*** Block opens ***

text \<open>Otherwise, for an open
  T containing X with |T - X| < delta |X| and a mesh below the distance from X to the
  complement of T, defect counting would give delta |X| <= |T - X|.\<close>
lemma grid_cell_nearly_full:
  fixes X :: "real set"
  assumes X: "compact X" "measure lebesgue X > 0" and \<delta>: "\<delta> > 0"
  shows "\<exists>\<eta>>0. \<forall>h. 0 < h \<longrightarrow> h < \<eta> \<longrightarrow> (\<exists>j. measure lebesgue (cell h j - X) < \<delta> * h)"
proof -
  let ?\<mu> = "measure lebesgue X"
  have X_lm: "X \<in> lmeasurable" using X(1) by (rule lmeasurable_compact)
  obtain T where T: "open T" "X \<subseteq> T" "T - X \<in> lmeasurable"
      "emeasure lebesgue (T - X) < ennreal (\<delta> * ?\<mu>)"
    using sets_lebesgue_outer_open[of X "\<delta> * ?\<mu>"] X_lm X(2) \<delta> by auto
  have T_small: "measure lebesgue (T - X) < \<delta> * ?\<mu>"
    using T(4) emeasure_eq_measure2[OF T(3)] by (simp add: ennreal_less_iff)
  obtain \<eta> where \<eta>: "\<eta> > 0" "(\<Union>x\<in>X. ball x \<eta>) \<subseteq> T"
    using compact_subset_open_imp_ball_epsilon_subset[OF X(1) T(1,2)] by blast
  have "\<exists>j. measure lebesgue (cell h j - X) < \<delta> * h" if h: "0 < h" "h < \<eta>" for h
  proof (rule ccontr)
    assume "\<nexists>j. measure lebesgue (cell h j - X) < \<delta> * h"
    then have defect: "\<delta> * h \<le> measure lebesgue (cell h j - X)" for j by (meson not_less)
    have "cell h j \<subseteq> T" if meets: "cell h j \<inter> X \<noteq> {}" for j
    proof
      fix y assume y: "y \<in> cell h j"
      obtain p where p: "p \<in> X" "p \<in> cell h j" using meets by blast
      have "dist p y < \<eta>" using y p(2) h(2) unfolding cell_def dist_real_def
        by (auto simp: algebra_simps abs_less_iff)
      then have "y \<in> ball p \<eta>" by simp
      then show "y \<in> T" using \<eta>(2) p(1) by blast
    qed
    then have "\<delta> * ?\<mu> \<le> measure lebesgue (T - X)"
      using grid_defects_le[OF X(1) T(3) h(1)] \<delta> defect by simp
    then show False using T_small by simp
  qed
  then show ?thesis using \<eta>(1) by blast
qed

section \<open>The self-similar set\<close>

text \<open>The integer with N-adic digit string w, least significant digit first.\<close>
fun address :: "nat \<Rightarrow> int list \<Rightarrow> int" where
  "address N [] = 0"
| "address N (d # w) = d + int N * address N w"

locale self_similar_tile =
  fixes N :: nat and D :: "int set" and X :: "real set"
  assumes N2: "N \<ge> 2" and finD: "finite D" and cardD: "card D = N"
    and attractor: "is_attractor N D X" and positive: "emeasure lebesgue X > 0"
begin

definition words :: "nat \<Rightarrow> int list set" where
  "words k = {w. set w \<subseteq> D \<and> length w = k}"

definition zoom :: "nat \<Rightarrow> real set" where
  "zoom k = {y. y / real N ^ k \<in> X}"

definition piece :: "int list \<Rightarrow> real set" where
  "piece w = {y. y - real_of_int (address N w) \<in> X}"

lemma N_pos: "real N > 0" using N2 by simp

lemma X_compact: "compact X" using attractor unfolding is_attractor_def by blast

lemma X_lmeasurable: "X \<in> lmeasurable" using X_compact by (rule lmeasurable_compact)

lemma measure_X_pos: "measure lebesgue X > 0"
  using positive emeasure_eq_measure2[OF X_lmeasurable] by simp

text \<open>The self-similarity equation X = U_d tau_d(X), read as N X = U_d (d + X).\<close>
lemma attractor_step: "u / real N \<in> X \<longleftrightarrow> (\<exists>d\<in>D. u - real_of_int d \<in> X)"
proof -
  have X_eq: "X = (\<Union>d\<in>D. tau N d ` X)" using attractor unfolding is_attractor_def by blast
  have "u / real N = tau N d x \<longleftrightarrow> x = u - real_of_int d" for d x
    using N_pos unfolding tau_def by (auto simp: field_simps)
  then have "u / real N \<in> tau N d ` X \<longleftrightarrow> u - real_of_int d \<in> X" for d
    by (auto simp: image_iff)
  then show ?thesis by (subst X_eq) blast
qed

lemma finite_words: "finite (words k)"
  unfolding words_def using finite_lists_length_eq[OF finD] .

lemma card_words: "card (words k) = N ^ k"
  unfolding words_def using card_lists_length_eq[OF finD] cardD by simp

*** Block closes ***

WHAT THE TASK ASKS |
Give the material above again in its entirety, exactly as it appears.

TASK ANSWER |
text \<open>Otherwise, for an open
  T containing X with |T - X| < delta |X| and a mesh below the distance from X to the
  complement of T, defect counting would give delta |X| <= |T - X|.\<close>
lemma grid_cell_nearly_full:
  fixes X :: "real set"
  assumes X: "compact X" "measure lebesgue X > 0" and \<delta>: "\<delta> > 0"
  shows "\<exists>\<eta>>0. \<forall>h. 0 < h \<longrightarrow> h < \<eta> \<longrightarrow> (\<exists>j. measure lebesgue (cell h j - X) < \<delta> * h)"
proof -
  let ?\<mu> = "measure lebesgue X"
  have X_lm: "X \<in> lmeasurable" using X(1) by (rule lmeasurable_compact)
  obtain T where T: "open T" "X \<subseteq> T" "T - X \<in> lmeasurable"
      "emeasure lebesgue (T - X) < ennreal (\<delta> * ?\<mu>)"
    using sets_lebesgue_outer_open[of X "\<delta> * ?\<mu>"] X_lm X(2) \<delta> by auto
  have T_small: "measure lebesgue (T - X) < \<delta> * ?\<mu>"
    using T(4) emeasure_eq_measure2[OF T(3)] by (simp add: ennreal_less_iff)
  obtain \<eta> where \<eta>: "\<eta> > 0" "(\<Union>x\<in>X. ball x \<eta>) \<subseteq> T"
    using compact_subset_open_imp_ball_epsilon_subset[OF X(1) T(1,2)] by blast
  have "\<exists>j. measure lebesgue (cell h j - X) < \<delta> * h" if h: "0 < h" "h < \<eta>" for h
  proof (rule ccontr)
    assume "\<nexists>j. measure lebesgue (cell h j - X) < \<delta> * h"
    then have defect: "\<delta> * h \<le> measure lebesgue (cell h j - X)" for j by (meson not_less)
    have "cell h j \<subseteq> T" if meets: "cell h j \<inter> X \<noteq> {}" for j
    proof
      fix y assume y: "y \<in> cell h j"
      obtain p where p: "p \<in> X" "p \<in> cell h j" using meets by blast
      have "dist p y < \<eta>" using y p(2) h(2) unfolding cell_def dist_real_def
        by (auto simp: algebra_simps abs_less_iff)
      then have "y \<in> ball p \<eta>" by simp
      then show "y \<in> T" using \<eta>(2) p(1) by blast
    qed
    then have "\<delta> * ?\<mu> \<le> measure lebesgue (T - X)"
      using grid_defects_le[OF X(1) T(3) h(1)] \<delta> defect by simp
    then show False using T_small by simp
  qed
  then show ?thesis using \<eta>(1) by blast
qed

section \<open>The self-similar set\<close>

text \<open>The integer with N-adic digit string w, least significant digit first.\<close>
fun address :: "nat \<Rightarrow> int list \<Rightarrow> int" where
  "address N [] = 0"
| "address N (d # w) = d + int N * address N w"

locale self_similar_tile =
  fixes N :: nat and D :: "int set" and X :: "real set"
  assumes N2: "N \<ge> 2" and finD: "finite D" and cardD: "card D = N"
    and attractor: "is_attractor N D X" and positive: "emeasure lebesgue X > 0"
begin

definition words :: "nat \<Rightarrow> int list set" where
  "words k = {w. set w \<subseteq> D \<and> length w = k}"

definition zoom :: "nat \<Rightarrow> real set" where
  "zoom k = {y. y / real N ^ k \<in> X}"

definition piece :: "int list \<Rightarrow> real set" where
  "piece w = {y. y - real_of_int (address N w) \<in> X}"

lemma N_pos: "real N > 0" using N2 by simp

lemma X_compact: "compact X" using attractor unfolding is_attractor_def by blast

lemma X_lmeasurable: "X \<in> lmeasurable" using X_compact by (rule lmeasurable_compact)

lemma measure_X_pos: "measure lebesgue X > 0"
  using positive emeasure_eq_measure2[OF X_lmeasurable] by simp

text \<open>The self-similarity equation X = U_d tau_d(X), read as N X = U_d (d + X).\<close>
lemma attractor_step: "u / real N \<in> X \<longleftrightarrow> (\<exists>d\<in>D. u - real_of_int d \<in> X)"
proof -
  have X_eq: "X = (\<Union>d\<in>D. tau N d ` X)" using attractor unfolding is_attractor_def by blast
  have "u / real N = tau N d x \<longleftrightarrow> x = u - real_of_int d" for d x
    using N_pos unfolding tau_def by (auto simp: field_simps)
  then have "u / real N \<in> tau N d ` X \<longleftrightarrow> u - real_of_int d \<in> X" for d
    by (auto simp: image_iff)
  then show ?thesis by (subst X_eq) blast
qed

lemma finite_words: "finite (words k)"
  unfolding words_def using finite_lists_length_eq[OF finD] .

lemma card_words: "card (words k) = N ^ k"
  unfolding words_def using card_lists_length_eq[OF finD] cardD by simp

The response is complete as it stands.